» **PROBLEM DETAILS**: Pull every line containing "Defs" from the listing.

» **DATASET CONTENT**:
• • •

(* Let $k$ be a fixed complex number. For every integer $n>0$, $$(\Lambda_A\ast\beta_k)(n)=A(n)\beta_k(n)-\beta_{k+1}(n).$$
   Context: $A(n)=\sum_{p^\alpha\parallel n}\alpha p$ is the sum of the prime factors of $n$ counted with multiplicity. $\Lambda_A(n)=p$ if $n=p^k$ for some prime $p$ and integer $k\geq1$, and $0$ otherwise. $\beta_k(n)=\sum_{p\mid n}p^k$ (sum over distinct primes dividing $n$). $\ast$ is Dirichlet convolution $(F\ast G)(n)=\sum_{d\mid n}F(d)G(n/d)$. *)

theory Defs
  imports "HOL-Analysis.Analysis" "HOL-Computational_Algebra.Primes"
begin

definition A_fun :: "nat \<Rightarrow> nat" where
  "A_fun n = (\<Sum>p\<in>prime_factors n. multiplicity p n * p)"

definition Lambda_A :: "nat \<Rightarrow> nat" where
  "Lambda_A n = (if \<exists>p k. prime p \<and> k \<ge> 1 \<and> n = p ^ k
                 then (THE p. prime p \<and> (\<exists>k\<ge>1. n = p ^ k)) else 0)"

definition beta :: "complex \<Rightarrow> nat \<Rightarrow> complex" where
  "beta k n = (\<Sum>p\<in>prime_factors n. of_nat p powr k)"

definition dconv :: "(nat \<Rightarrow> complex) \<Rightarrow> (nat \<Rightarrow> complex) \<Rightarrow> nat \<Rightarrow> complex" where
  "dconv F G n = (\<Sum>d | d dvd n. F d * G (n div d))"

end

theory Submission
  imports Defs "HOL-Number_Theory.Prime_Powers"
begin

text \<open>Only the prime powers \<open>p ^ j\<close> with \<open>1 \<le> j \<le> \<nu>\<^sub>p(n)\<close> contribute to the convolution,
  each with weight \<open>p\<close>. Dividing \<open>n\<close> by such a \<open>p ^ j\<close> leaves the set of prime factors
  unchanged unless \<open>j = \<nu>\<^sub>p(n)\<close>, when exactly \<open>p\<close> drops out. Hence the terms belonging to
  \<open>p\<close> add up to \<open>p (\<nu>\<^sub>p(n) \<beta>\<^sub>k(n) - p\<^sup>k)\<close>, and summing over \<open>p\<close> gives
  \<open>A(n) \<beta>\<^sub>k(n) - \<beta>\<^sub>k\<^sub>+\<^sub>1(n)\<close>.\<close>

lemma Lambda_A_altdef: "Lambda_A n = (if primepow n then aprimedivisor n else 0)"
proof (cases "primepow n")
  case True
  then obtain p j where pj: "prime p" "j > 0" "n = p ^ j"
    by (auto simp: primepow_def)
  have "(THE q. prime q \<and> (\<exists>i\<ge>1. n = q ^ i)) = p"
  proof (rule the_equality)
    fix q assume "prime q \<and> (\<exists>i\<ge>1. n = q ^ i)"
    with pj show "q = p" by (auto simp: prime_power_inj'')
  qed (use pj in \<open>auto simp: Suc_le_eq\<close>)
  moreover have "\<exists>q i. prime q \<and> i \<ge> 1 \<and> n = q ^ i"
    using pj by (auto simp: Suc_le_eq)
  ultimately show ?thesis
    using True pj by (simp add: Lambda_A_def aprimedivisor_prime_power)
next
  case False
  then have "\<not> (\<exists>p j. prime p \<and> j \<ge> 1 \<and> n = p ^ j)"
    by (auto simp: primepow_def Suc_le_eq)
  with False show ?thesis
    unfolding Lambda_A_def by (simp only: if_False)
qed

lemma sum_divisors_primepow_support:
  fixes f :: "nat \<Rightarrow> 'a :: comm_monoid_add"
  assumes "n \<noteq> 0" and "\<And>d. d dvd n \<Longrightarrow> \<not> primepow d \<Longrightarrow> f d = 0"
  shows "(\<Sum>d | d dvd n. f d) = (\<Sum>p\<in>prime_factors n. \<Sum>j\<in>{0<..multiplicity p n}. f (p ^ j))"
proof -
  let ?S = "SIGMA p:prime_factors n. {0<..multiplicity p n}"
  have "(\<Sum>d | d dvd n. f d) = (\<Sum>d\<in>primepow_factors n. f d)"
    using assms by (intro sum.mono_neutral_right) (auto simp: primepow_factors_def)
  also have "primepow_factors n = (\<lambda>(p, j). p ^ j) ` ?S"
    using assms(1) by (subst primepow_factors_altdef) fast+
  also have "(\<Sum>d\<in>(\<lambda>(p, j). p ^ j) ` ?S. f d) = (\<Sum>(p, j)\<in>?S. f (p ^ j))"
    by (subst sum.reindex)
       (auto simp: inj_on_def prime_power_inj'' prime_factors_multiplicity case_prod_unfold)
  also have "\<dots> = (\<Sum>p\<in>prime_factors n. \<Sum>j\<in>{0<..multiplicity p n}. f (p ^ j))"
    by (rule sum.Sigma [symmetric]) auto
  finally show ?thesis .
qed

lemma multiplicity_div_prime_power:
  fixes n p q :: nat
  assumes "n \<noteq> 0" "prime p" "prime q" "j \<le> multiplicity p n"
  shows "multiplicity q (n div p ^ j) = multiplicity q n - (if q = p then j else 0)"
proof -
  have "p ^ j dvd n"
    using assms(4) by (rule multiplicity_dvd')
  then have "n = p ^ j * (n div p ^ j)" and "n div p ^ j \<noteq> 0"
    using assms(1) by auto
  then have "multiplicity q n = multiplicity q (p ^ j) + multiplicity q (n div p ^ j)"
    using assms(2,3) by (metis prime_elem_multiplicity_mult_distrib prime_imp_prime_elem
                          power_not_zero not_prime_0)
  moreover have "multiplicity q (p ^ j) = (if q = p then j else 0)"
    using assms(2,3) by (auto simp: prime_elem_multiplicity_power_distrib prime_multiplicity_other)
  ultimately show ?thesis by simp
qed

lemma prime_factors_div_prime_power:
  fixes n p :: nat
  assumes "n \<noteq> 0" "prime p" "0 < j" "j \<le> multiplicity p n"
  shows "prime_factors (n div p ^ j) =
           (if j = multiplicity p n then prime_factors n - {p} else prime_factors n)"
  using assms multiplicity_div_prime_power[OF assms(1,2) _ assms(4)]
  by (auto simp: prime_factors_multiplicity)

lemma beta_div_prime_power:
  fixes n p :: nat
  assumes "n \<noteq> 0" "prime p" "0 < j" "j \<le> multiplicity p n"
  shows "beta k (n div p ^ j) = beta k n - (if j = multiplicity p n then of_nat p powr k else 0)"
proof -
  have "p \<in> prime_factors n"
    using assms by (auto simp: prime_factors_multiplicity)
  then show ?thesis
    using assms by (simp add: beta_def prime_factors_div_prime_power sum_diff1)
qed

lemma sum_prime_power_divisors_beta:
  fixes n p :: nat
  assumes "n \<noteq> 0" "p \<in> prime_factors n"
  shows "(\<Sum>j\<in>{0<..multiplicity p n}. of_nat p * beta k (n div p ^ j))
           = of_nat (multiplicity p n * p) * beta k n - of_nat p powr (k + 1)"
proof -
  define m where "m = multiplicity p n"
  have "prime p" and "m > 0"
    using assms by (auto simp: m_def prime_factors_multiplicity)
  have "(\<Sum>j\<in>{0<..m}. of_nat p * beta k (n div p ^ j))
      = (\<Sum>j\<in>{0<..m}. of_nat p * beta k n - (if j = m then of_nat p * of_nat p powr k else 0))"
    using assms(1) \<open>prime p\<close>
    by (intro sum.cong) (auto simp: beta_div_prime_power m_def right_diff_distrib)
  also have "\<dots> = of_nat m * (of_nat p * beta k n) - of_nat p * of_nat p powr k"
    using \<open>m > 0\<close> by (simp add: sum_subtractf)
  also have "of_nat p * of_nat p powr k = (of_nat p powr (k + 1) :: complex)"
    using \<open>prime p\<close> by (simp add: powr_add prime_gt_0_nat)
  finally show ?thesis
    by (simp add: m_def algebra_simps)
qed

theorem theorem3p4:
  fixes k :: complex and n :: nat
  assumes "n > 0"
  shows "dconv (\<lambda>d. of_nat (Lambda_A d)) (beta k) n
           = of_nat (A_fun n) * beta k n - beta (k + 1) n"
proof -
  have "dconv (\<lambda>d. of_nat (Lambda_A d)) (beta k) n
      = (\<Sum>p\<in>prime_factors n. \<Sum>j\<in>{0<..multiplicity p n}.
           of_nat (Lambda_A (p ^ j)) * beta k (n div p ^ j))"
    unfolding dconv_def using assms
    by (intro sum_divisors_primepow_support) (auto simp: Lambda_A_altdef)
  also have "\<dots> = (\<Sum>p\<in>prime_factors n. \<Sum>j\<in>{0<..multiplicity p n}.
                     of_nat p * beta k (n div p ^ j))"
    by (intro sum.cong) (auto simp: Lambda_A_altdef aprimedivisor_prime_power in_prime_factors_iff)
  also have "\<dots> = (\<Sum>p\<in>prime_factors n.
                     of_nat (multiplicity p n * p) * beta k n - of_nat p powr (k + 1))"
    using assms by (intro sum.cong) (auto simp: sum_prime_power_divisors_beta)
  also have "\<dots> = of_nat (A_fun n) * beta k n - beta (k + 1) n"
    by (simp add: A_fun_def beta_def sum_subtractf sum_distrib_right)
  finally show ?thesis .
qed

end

• • •

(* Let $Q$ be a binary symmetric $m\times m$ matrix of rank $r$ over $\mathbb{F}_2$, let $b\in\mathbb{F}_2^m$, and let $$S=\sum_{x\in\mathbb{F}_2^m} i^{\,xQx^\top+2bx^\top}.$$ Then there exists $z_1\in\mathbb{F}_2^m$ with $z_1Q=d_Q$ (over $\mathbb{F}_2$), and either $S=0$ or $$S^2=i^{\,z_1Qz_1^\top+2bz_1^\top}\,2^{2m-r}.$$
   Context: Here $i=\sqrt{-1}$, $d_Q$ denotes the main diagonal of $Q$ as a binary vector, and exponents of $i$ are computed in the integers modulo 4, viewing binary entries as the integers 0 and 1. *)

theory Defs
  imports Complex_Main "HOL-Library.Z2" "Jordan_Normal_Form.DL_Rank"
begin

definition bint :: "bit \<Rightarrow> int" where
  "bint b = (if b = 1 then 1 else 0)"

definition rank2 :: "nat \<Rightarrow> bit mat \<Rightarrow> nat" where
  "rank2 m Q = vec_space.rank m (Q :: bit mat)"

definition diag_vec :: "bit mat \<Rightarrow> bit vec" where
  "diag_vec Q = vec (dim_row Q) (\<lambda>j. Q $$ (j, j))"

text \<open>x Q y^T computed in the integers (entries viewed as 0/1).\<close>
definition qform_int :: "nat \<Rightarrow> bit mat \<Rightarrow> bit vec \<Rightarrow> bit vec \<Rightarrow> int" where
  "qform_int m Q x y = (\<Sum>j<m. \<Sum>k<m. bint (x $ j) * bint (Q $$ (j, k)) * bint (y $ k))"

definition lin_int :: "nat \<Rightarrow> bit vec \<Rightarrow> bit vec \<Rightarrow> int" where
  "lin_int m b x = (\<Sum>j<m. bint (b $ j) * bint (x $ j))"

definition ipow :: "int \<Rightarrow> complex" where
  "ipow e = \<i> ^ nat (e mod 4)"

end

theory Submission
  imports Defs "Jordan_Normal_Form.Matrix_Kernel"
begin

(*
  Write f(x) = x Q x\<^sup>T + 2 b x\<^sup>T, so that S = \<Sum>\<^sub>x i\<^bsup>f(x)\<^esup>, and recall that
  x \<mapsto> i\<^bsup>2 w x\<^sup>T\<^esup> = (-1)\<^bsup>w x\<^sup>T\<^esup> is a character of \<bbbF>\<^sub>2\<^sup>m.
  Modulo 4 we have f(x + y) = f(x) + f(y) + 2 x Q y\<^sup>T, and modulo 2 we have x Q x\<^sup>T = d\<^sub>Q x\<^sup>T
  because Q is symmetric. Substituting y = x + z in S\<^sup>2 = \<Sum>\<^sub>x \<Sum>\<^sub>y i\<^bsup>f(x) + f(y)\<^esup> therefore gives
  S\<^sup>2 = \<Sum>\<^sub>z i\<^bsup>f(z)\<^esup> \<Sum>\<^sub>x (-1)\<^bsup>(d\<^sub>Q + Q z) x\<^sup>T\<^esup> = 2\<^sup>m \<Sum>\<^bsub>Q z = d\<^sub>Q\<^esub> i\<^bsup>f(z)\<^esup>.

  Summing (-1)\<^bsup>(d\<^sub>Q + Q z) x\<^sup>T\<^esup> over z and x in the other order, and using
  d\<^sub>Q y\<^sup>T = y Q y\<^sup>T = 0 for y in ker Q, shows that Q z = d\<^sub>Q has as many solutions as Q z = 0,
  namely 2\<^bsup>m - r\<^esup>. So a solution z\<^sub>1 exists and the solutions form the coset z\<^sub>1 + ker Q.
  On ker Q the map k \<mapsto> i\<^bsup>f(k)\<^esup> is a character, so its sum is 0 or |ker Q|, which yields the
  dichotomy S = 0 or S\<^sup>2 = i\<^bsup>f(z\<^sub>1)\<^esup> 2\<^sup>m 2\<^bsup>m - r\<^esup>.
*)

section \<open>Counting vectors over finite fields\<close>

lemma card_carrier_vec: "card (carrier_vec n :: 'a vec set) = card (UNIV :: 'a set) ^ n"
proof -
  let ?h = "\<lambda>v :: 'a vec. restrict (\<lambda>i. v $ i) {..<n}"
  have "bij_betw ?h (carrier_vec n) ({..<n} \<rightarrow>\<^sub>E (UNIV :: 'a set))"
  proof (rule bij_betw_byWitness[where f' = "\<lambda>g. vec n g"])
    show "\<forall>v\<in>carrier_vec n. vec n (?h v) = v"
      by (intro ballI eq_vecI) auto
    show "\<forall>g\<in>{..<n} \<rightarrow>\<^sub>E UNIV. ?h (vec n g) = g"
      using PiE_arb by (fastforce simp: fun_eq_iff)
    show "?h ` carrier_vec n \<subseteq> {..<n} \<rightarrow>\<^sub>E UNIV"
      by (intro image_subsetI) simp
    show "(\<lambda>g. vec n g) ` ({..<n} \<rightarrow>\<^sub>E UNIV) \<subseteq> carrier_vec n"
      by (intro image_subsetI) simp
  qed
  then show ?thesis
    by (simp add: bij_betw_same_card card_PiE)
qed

• • •

» **SOLUTION**:
theory Defs
  imports Defs "HOL-Number_Theory.Prime_Powers"
theory Defs
  imports Defs "Jordan_Normal_Form.Matrix_Kernel"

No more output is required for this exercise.